Uptime Guarantees Don't Apply When You Turn A Machine Off, Then On Again, To 'fix' It
On Call With another working week almost behind us, The Register has found another tale to tell in our On-Call column – the home of reader-contributed stories of thankless tech support tasks.
This week meet "Rod" who, in the late 1990s, found himself in a new country, seeking a new job.
Rod had dabbled with computers in the past without ever working in the trade. But his dabbling was at a high level: he built a Linux PC back when Slackware came on floppy disks.
That skill saw Rod offered a position at a small, remote, outpost of a major PC-maker's helpdesk.
We rebooted the system … it has lost all configuration and data
Rod was good at the job and quite liked it. He was unusual in that regard, as attrition was very high. The vendor paying meagre wages – when it remembered to pay them at all – had a bit to do with the rate of staff turnover.
He stuck around, and when the vendor started to move out of mere PCs and into proper tech like servers and storage, he was asked to join the support team.
"I was trained with the first group of support agents, then attrition made me last man standing of the cohort," Rod told On-Call. "Next, I kind of automatically became one of the trainers, and soon the only trainer for servers and SANs."
"With these promotions, my salary quickly rose to nearly double the company entry level; and with attrition still rife, it looked like I was set for life – not moving anywhere soon."
A few years later, the company introduced a flagship storage product that was bigger, better, faster – and sold with a 99.999 percent uptime guarantee. The service plan bundled with the product promised that any failure would be met by the instant intervention of a crack support squad that could recite the machine's source code backwards while wrestling a crocodile underwater.
By then, Rod had trained many fellow support agents on the product. But – staff attrition being what it was – he was the only person on staff in his region who had spent a lot of time with and really understood the storage box.
Which is why the first SEV-1 call to Rod's team did not go down well.
"I had just gotten up from my desk to wander over to the training room across a very large open plan office space, when I noticed something was amiss," Rod told On-Call. "A person had stood up, a second followed, a third, and more, all facing, then pointing to the same unfortunate support agent, who was looking very pale, possibly sick. Before I reached the desk whispers had reached me 'A customer's storage system is in trouble.

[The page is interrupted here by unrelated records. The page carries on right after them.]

text \<open>Write \<open>Hom(H)\<close> for the homomorphisms \<open>H \<rightarrow> \<int>\<^sub>2\<close>. A group \<open>H\<close> acting
  arc-transitively on a connected graph is generated by a vertex stabiliser \<open>H\<^sub>v\<close> together with
  one element moving \<open>v\<close> to a neighbour, so \<open>|Hom(H)| \<le> 2\<^bsup>|H\<^sub>v| + 1\<^esup>\<close>.
  In a split 2-cover the covering group \<open>K \<cong> \<int>\<^sub>2\<close> is normal, hence central, in the lifted
  group \<open>L\<close>, and a complement \<open>C\<close> gives \<open>L \<cong> C \<times> K\<close> with \<open>C \<cong> G\<close>; thus
  \<open>|Hom(L)| \<ge> 2 |Hom(G)|\<close>. Since \<open>K\<close> acts semiregularly, vertex stabilisers in \<open>L\<close> embed
  into those of \<open>G\<close>. Along a split-admissible chain of length \<open>n\<close> this gives
  \<open>2\<^sup>n \<le> 2\<^sup>n |Hom(G)| \<le> |Hom(G\<^sub>n)| \<le> 2\<^bsup>|G\<^sub>v| + 1\<^esup>\<close>.\<close>

section \<open>Automorphisms and permutation groups\<close>

lemma aut_mapsto: "f \<in> aut X \<Longrightarrow> x \<in> verts X \<Longrightarrow> f x \<in> verts X"
  unfolding aut_def bij_betw_def by auto

lemma aut_fixes_outside: "f \<in> aut X \<Longrightarrow> x \<notin> verts X \<Longrightarrow> f x = x"
  unfolding aut_def by auto

lemma aut_arcs_iff:
  "f \<in> aut X \<Longrightarrow> u \<in> verts X \<Longrightarrow> v \<in> verts X \<Longrightarrow> (f u, f v) \<in> arcs X \<longleftrightarrow> (u, v) \<in> arcs X"
  unfolding aut_def by auto

lemma autI:
  assumes "bij_betw f (verts X) (verts X)" and "\<And>x. x \<notin> verts X \<Longrightarrow> f x = x"
    and "\<And>u v. u \<in> verts X \<Longrightarrow> v \<in> verts X \<Longrightarrow> (f u, f v) \<in> arcs X \<longleftrightarrow> (u, v) \<in> arcs X"
  shows "f \<in> aut X"
  using assms unfolding aut_def by auto

lemma id_in_aut: "id \<in> aut X"
  unfolding aut_def by auto

lemma aut_imp_bij:
  assumes "f \<in> aut X" shows "bij f"
proof -
  have "bij_betw f (- verts X) (- verts X)"
    using bij_betw_id by (rule bij_betw_cong[THEN iffD1, rotated]) (simp add: aut_fixes_outside[OF assms])
  with assms have "bij_betw f (verts X \<union> - verts X) (verts X \<union> - verts X)"
    unfolding aut_def by (blast intro: bij_betw_combine)
  then show ?thesis by simp
qed

lemma aut_comp_closed:
  assumes f: "f \<in> aut X" and g: "g \<in> aut X" shows "f \<circ> g \<in> aut X"
proof (rule autI)
  show "bij_betw (f \<circ> g) (verts X) (verts X)"
    using f g unfolding aut_def by (auto intro: bij_betw_trans)
  show "(f \<circ> g) x = x" if "x \<notin> verts X" for x
    by (simp add: aut_fixes_outside[OF f that] aut_fixes_outside[OF g that])
qed (simp add: aut_arcs_iff aut_mapsto f g)

lemma inv_in_aut:
  assumes f: "f \<in> aut X" shows "inv f \<in> aut X"
proof (rule autI)
  have "bij f" by (rule aut_imp_bij[OF f])
  moreover have "f ` verts X = verts X" using f unfolding aut_def bij_betw_def by auto
  ultimately show inv: "bij_betw (inv f) (verts X) (verts X)"
    using bij_betw_inv_into_subset[of f UNIV UNIV "verts X" "verts X"] by simp
  show "inv f x = x" if "x \<notin> verts X" for x
    by (rule inv_f_eq[OF bij_is_inj[OF \<open>bij f\<close>] aut_fixes_outside[OF f that]])
  show "(inv f u, inv f v) \<in> arcs X \<longleftrightarrow> (u, v) \<in> arcs X"
    if "u \<in> verts X" "v \<in> verts X" for u v
    using aut_arcs_iff[OF f, of "inv f u" "inv f v"] bij_betw_apply[OF inv] that
      surj_f_inv_f[OF bij_is_surj[OF \<open>bij f\<close>]]
    by simp
qed
lemma sum_subsets_card_less:
  assumes "finite P"
  shows "(\<Sum>\<theta>=1..m. \<Sum>S | S \<subseteq> P \<and> card S = \<theta> - 1. g S) = (\<Sum>S\<in>Pow P. if card S < m then g S else 0)"
proof -
  have "(\<Sum>\<theta>=1..m. \<Sum>S | S \<subseteq> P \<and> card S = \<theta> - 1. g S) =
        (\<Sum>\<theta>=1..m. \<Sum>S\<in>Pow P. if card S = \<theta> - 1 then g S else 0)"
  proof (rule sum.cong[OF refl])
    fix \<theta>
    have subsets: "{S. S \<subseteq> P \<and> card S = \<theta> - 1} = {S \<in> Pow P. card S = \<theta> - 1}" by auto
    show "(\<Sum>S | S \<subseteq> P \<and> card S = \<theta> - 1. g S) = (\<Sum>S\<in>Pow P. if card S = \<theta> - 1 then g S else 0)"
      unfolding subsets using assms by (intro sum.inter_filter) auto
  qed
  also have "\<dots> = (\<Sum>S\<in>Pow P. \<Sum>\<theta>=1..m. if card S = \<theta> - 1 then g S else 0)"
    by (rule sum.swap)
  also have "\<dots> = (\<Sum>S\<in>Pow P. if card S < m then g S else 0)"
  proof (rule sum.cong[OF refl])
    fix S
    have "(\<Sum>\<theta>=1..m. if card S = \<theta> - 1 then g S else 0) = (\<Sum>\<theta>\<in>{1..m}. if \<theta> = card S + 1 then g S else 0)"
      by (intro sum.cong refl) auto
    then show "(\<Sum>\<theta>=1..m. if card S = \<theta> - 1 then g S else 0) = (if card S < m then g S else 0)"
      by simp
  qed
  finally show ?thesis .
qed

lemma weighted_integral_eq_0:
  fixes G f :: "'a \<Rightarrow> real"
  assumes "integrable M G" "\<And>x. 0 \<le> G x" "(\<integral>x. G x \<partial>M) = 0"
  shows "(\<integral>x. G x * f x \<partial>M) = 0"
proof -
  have "AE x in M. G x = 0" using assms by (subst (asm) integral_nonneg_eq_0_iff_AE) auto
  then have "AE x in M. G x * f x = 0" by auto
  then show ?thesis by (simp add: integral_eq_zero_AE)
qed

text \<open>Chebyshev's integral inequality; the opposite ordering of \<open>h\<close> and \<open>p\<close> on the support
  of \<open>G\<close> is phrased through thresholds, since the proof only uses \<open>c = \<integral>G p / \<integral>G\<close>.\<close>
lemma chebyshev_integral_inequality:
  fixes M :: "'a measure" and G h p :: "'a \<Rightarrow> real"
  assumes iG: "integrable M G" and iGp: "integrable M (\<lambda>x. G x * p x)"
    and iGh: "integrable M (\<lambda>x. G x * h x)" and iGhp: "integrable M (\<lambda>x. G x * h x * p x)"
    and G_nonneg: "\<And>x. 0 \<le> G x" and Gp_nonneg: "\<And>x. 0 \<le> G x * p x"
    and opposite: "\<And>c. 0 < c \<Longrightarrow> \<exists>H. \<forall>x. G x * (h x - H) * (p x - c) \<le> 0"
  shows "(\<integral>x. G x * h x * p x \<partial>M) * (\<integral>x. G x \<partial>M) \<le> (\<integral>x. G x * h x \<partial>M) * (\<integral>x. G x * p x \<partial>M)"
    and "(\<integral>x. G x \<partial>M) = 0 \<Longrightarrow> (\<integral>x. G x * h x * p x \<partial>M) = 0"
proof -
  have zero_if_G: "(\<integral>x. G x * h x * p x \<partial>M) = 0" "(\<integral>x. G x * h x \<partial>M) = 0"
    if "(\<integral>x. G x \<partial>M) = 0"
    using weighted_integral_eq_0[OF iG G_nonneg that, of "\<lambda>x. h x * p x"]
      weighted_integral_eq_0[OF iG G_nonneg that, of h] by (simp_all add: mult.assoc)
  have zero_if_Gp: "(\<integral>x. G x * h x * p x \<partial>M) = 0" if "(\<integral>x. G x * p x \<partial>M) = 0"
    using weighted_integral_eq_0[OF iGp Gp_nonneg that, of h] by (simp add: ac_simps)
  show "(\<integral>x. G x \<partial>M) = 0 \<Longrightarrow> (\<integral>x. G x * h x * p x \<partial>M) = 0" using zero_if_G by auto
  show "(\<integral>x. G x * h x * p x \<partial>M) * (\<integral>x. G x \<partial>M) \<le> (\<integral>x. G x * h x \<partial>M) * (\<integral>x. G x * p x \<partial>M)"
  proof (cases "(\<integral>x. G x \<partial>M) = 0 \<or> (\<integral>x. G x * p x \<partial>M) = 0")
    case True
    then show ?thesis using zero_if_G zero_if_Gp by auto
  next
    case False
    have "0 \<le> (\<integral>x. G x \<partial>M)" "0 \<le> (\<integral>x. G x * p x \<partial>M)"
      using G_nonneg Gp_nonneg by (simp_all add: integral_nonneg_AE)
    then have pos: "0 < (\<integral>x. G x \<partial>M)" "0 < (\<integral>x. G x * p x \<partial>M)" using False by auto
    define c where "c = (\<integral>x. G x * p x \<partial>M) / (\<integral>x. G x \<partial>M)"
    have "0 < c" unfolding c_def using pos by simp
    then obtain H where H: "\<And>x. G x * (h x - H) * (p x - c) \<le> 0" using opposite by blast
    have expand: "(\<lambda>x. G x * (h x - H) * (p x - c)) =
        (\<lambda>x. G x * h x * p x - c * (G x * h x) - H * (G x * p x) + (H * c) * G x)"
      by (auto simp: fun_eq_iff algebra_simps)
    have "0 \<le> (\<integral>x. - (G x * (h x - H) * (p x - c)) \<partial>M)"
      using H by (intro integral_nonneg_AE) (auto simp: le_minus_iff)
    then have "(\<integral>x. G x * (h x - H) * (p x - c) \<partial>M) \<le> 0" by simp
    also have "(\<integral>x. G x * (h x - H) * (p x - c) \<partial>M) =
        (\<integral>x. G x * h x * p x \<partial>M) - c * (\<integral>x. G x * h x \<partial>M) - H * (\<integral>x. G x * p x \<partial>M)
        + (H * c) * (\<integral>x. G x \<partial>M)"
      unfolding expand using iG iGp iGh iGhp by simp
    finally have "(\<integral>x. G x * h x * p x \<partial>M) \<le> c * (\<integral>x. G x * h x \<partial>M)"
      using pos unfolding c_def by simp
    then show ?thesis
      using pos unfolding c_def by (simp add: field_simps)
  qed
qed
lemma S1_commutator:
  assumes "S1 G" "a \<in> carrier G"
  obtains x y where "x \<in> carrier G" "y \<in> carrier G" "a = inv x \<otimes> y \<otimes> x \<otimes> inv y"
proof -
  obtain x y where "x \<in> carrier G" "y \<in> carrier G" "a = inv x \<otimes> inv \<one> \<otimes> y \<otimes> x \<otimes> inv y"
    using assms(1)[unfolded S1_def, rule_format, OF one_closed assms(2)] by blast
  then show thesis using that by simp
qed

lemma nontrivial_not_central:
  assumes "S1 G" "S3 G" and a: "a \<in> carrier G" "a \<noteq> \<one>"
  shows "\<exists>y\<in>carrier G. inv y \<otimes> a \<otimes> y \<noteq> a"
proof (rule ccontr)
  assume "\<not> ?thesis"
  then have central: "inv y \<otimes> a \<otimes> y = a" if "y \<in> carrier G" for y
    using that by auto
  have cube: "u = a \<otimes> a \<otimes> a" if "u \<in> carrier G - {\<one>}" for u
  proof -
    have "u \<in> conj_products G [a, a, a]"
      using conj_products_three[OF \<open>S3 G\<close>] a that by auto
    then show ?thesis using central a by (auto simp: m_assoc)
  qed
  \<comment> \<open>so \<open>G = {\<one>, a\<^sup>3}\<close> is abelian, while (S1) makes every element a commutator\<close>
  have comm: "y \<otimes> x = x \<otimes> y" if "x \<in> carrier G" "y \<in> carrier G" for x y
    using that cube by (cases "x = \<one> \<or> y = \<one>") auto
  obtain x y where xy: "x \<in> carrier G" "y \<in> carrier G" and "a = inv x \<otimes> y \<otimes> x \<otimes> inv y"
    using S1_commutator[OF \<open>S1 G\<close> a(1)] .
  then have "a = inv x \<otimes> (x \<otimes> y) \<otimes> inv y"
    using comm[OF xy] by (simp add: m_assoc)
  also have "\<dots> = \<one>" using xy by (simp add: m_assoc[symmetric])
  finally show False using a(2) by blast
qed

lemma conj_products_nontrivial:
  assumes "S1 G" "S3 G"
  shows "set us \<subseteq> carrier G - {\<one>} \<Longrightarrow> us \<noteq> [] \<Longrightarrow> \<exists>p\<in>conj_products G us. p \<noteq> \<one>"
proof (induction us)
  case (Cons u us)
  then have u: "u \<in> carrier G" "u \<noteq> \<one>" by auto
  show ?case
  proof (cases "us = []")
    case True
    have "inv \<one> \<otimes> u \<otimes> \<one> \<otimes> \<one> \<in> conj_products G (u # us)"
      using True by (intro conj_products_ConsI) auto
    then show ?thesis using u by auto
  next
    case False
    with Cons obtain p where p: "p \<in> conj_products G us" "p \<noteq> \<one>" by auto
    have pc: "p \<in> carrier G" using p Cons.prems conj_products_closed by auto
    show ?thesis
    proof (cases "u \<otimes> p = \<one>")
      case False
      have "inv \<one> \<otimes> u \<otimes> \<one> \<otimes> p \<in> conj_products G (u # us)"
        using p by (intro conj_products_ConsI) auto
      then show ?thesis using False u pc by auto
    next
      case True
      then have p_inv: "p = inv u" using inv_equality[of p u] inv_comm[of u p] u pc by simp
      obtain y where y: "y \<in> carrier G" "inv y \<otimes> u \<otimes> y \<noteq> u"
        using nontrivial_not_central[OF assms u] by blast
      have "inv y \<otimes> u \<otimes> y \<otimes> p \<noteq> \<one>"
      proof
        assume "inv y \<otimes> u \<otimes> y \<otimes> p = \<one>"
        then have "inv y \<otimes> u \<otimes> y \<otimes> inv u \<otimes> u = u" using u y p_inv by simp
        then show False using u y by (simp add: m_assoc)
      qed
      moreover have "inv y \<otimes> u \<otimes> y \<otimes> p \<in> conj_products G (u # us)"
        using p y by (intro conj_products_ConsI)
      ultimately show ?thesis by blast
    qed
  qed
qed simp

And it's one of those systems we promise will never go down!'"
Rod's team all but begged him to take the call. So he commandeered a PC, donned a headset, and started talking to the customer.
"You appear to have a major problem at hand, sorry to hear, can you tell me happened?" Rod opened, using a tactic of displaying empathy for the customer.
"Yes, we rebooted the system, and it complains it has lost all configuration and data," was the reply.
Which left Rod trying to fix a device that was sold with an uptime guarantee, and a customer who had deliberately caused downtime!
Or was it the customer? Training tech support people had taught Rod it is better to ask why something happened than who made it happen.
Rod therefore asked why the machine had been turned off, and was told an outsourced chap did the deed in order to solve a server problem.
Rod explained that machines designed to achieve 99.999 percent uptime were not designed to be turned off and turned on again. Indeed, such boxes are not really designed to be turned off at all – their reboot processes can be rather elaborate.
"The rest was plain sailing," Rod recalled. His employer could not be blamed, and Rod's thinly skilled team was off the hook. He duly guided the customer through the correct startup sequence, restored the storage box and the servers that relied on it, squaring away a SEV-1 incident in minutes.
"I was quite satisfied and proud it all went so smoothly," Rod told On-Call. "The customer who called in was totally happy, appropriately grateful, and relieved to be off the hook. The colleague whose day I had just saved was ecstatic. Even direct managers expressed their appreciation – which they did not do very often – because we had solved our first SEV-1 within minutes!"
But there's a sting in this tale. Rod and his team were informed that the problem was not handled correctly – they had not immediately despatched a crocodile-wrestling engineer before commencing troubleshooting.
Rod's team was, therefore, relieved of storage support duties.
- Errors logged as 'nut loose on the keyboard' were – ahem – not a hardware problem
- Techie fired for inventing an acronym – and accidentally applying it to the boss
- Duelling techies debugged printer by testing the strength of electric shocks
- Service desk tech saved consultancy Capita from VPN meltdown, got a smack for it
In his missive to On-Call, Rod suggested weird internal politics was to blame for that shift.
"My manager stood by me. I was not hung out to dry for that single 'breach of protocol' and proceeded to deliver training on everything but storage to hordes of new hires, ad infinitum," Rod wrote.
Rod stuck in the job long enough for the wheel to turn: a re-org or two later he was again asked to take on storage support, trained another group of colleagues, and watched them leave with the skills he had imparted on their CVs.